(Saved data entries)
<<<<
lemma conj_word_commute_nested:
  assumes "idx e = s" "idx f = q" "1 \<le> s" "s < q" "q < r" "r < t" "t \<le> n"
  shows "commute (sb_rels n) (conj_word t s e) (conj_word r q f)"
proof -
  define H D D' where
    "H = conj_word r q f" and "D = sig_run (Suc s) t" and "D' = sig_run_inv (Suc s) t"
  have inv: "inverse_words (sb_rels n) D D'"
    using assms by (simp add: D_def D'_def sig_run_inverse)
  have "indices_in q r H"
    using assms by (simp add: H_def indices_in_conj_word)
  \<comment> \<open>conjugation by the inverse of D moves H one strand up, away from e\<close>
  then have D_shift: "conjugates (sb_rels n) D (map shift H) H"
    using assms unfolding D_def by (intro sig_run_conjugates_shift) (auto elim: indices_in_mono)
  have "indices_in (Suc q) (Suc r) (map shift H)"
    using assms by (simp add: H_def map_shift_conj_word indices_in_conj_word)
  then have "commute (sb_rels n) [e] (map shift H)"
    using assms
    by (intro sb_separated_commute [where a = s and b = "Suc s" and c = "Suc q" and d = "Suc r"]) auto
  with conjugates_by_inverse [OF D_shift inv] D_shift have "commute (sb_rels n) (D @ [e] @ D') H"
    by (metis conjugates_compose)
  then show ?thesis
    by (simp add: H_def D_def D'_def conj_word_sig_run)
qed

lemma conj_word_commute_sep:
  assumes "pr n t s" "pr n r q" "sep t s r q" "idx e = s" "idx f = q"
  shows "commute (sb_rels n) (conj_word t s e) (conj_word r q f)"
proof -
  have "r < s \<or> t < q \<or> (s < q \<and> r < t) \<or> (q < s \<and> t < r)"
    using assms sep_iff by (simp add: pr_def)
  then show ?thesis
  proof (elim disjE conjE)
    assume "r < s"
    then show ?thesis
      using assms by (intro conj_word_commute_disjoint) (auto simp: pr_def)
  next
    assume "t < q"
    then show ?thesis
      using assms by (intro commute_sym [OF conj_word_commute_disjoint]) (auto simp: pr_def)
  next
    assume "s < q" "r < t"
    then show ?thesis
      using assms by (intro conj_word_commute_nested) (auto simp: pr_def)
  next
    assume "q < s" "t < r"
    then show ?thesis
      using assms by (intro commute_sym [OF conj_word_commute_nested]) (auto simp: pr_def)
  qed
qed

lemma conj_word_sig_commute_x:
  assumes "1 \<le> s" "s < t" "t \<le> n"
  shows "commute (sb_rels n) (conj_word t s (Sig s)) (conj_word t s (X s))"
proof -
  have "eqv (sb_rels n) (conj_word t s (Sig s) @ conj_word t s (X s))
      (sig_run (Suc s) t @ [Sig s, X s] @ sig_run_inv (Suc s) t)"
    using assms(3) by (rule conj_word_append)
  also have "eqv (sb_rels n) \<dots> (sig_run (Suc s) t @ [X s, Sig s] @ sig_run_inv (Suc s) t)"
    using assms sb_positive_commute [of "X s" s "Sig s" s n]
    by (intro eqv_in_context) (simp add: conjugates_def eqv.sym)
  also have "eqv (sb_rels n) \<dots> (conj_word t s (X s) @ conj_word t s (Sig s))"
    using assms(3) by (rule eqv.sym [OF conj_word_append])
  finally show ?thesis
    by (simp only: conjugates_def)
qed

lemma conj_word_inverse:
  assumes "1 \<le> s" "s < t" "t \<le> n"
  shows "inverse_words (sb_rels n) (conj_word t s (Sig s)) (conj_word t s (SigInv s))"
proof -
  have cancel: "eqv (sb_rels n) (conj_word t s e @ conj_word t s e') []"
    if "eqv (sb_rels n) [e, e'] []" for e e'
  proof -
    have "eqv (sb_rels n) (conj_word t s e @ conj_word t s e')
        (sig_run (Suc s) t @ [e, e'] @ sig_run_inv (Suc s) t)"
      using assms(3) by (rule conj_word_append)
    also have "eqv (sb_rels n) \<dots> (sig_run (Suc s) t @ [] @ sig_run_inv (Suc s) t)"
      using that by (rule eqv_in_context)
    also have "eqv (sb_rels n) \<dots> []"
      using assms sig_run_inverse [of "Suc s" t n] by (simp add: inverse_words_def)
    finally show ?thesis .
  qed
  show ?thesis
    using assms sb_sigma_inverse [of s n] by (auto simp: inverse_words_def intro!: cancel)
qed

lemma conj_word_conjugates_outer_Suc:
  assumes "c \<in> {Sig, X}" "1 \<le> r" "r < s" "s < n"
  shows "conjugates (sb_rels n) (conj_word s r (Sig r)) (conj_word (Suc s) r (c r)) [c s]"
proof -
  obtain m where s: "s = Suc m" using assms by (cases s) auto
  define E E' where "E = sig_run r m" and "E' = sig_run_inv r m"
  have "commute (sb_rels n) E [Sig s]" "commute (sb_rels n) E [SigInv s]"
    using assms s unfolding E_def
    by (auto intro!: sb_separated_commute [where a = r and b = m and c = s and d = "Suc s"])
  moreover have "conjugates (sb_rels n) E (conj_word s r (c r)) [c m]"
    using assms s conjugates_conj_word_to_letter [of c r m n] by (simp add: E_def)
  ultimately have "conjugates (sb_rels n) E
      ([Sig s] @ conj_word s r (c r) @ [SigInv s]) ([Sig s] @ [c m] @ [SigInv s])"
    by (intro conjugates_append)
  moreover have "conjugates (sb_rels n) [Sig m] ([Sig s] @ [c m] @ [SigInv s]) [c s]"
    using assms s sb_braid_conjugate [of c m n] by simp
  moreover have "commute (sb_rels n) E' [c s]"
    using assms s unfolding E'_def
    by (auto intro!: sb_separated_commute [where a = r and b = m and c = s and d = "Suc s"])
  ultimately have "conjugates (sb_rels n) (E' @ [Sig m] @ E)
      ([Sig s] @ conj_word s r (c r) @ [SigInv s]) [c s]"
    by (metis conjugates_compose)
  moreover have "eqv (sb_rels n) (E' @ [Sig m] @ E) (conj_word s r (Sig r))"
    using assms s conj_word_eqv_alt [of Sig r m n] by (simp add: E_def E'_def)
  ultimately show ?thesis
    using assms by (simp add: conj_word_Suc conjugates_eqv)
qed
>>>>
- _What you will do_
Every line in the entries above that has the word "define" should be identified and copied.

- _Solution for this exercise_
  define H D D' where
  define E E' where "E = sig_run r m" and "E' = sig_run_inv r m"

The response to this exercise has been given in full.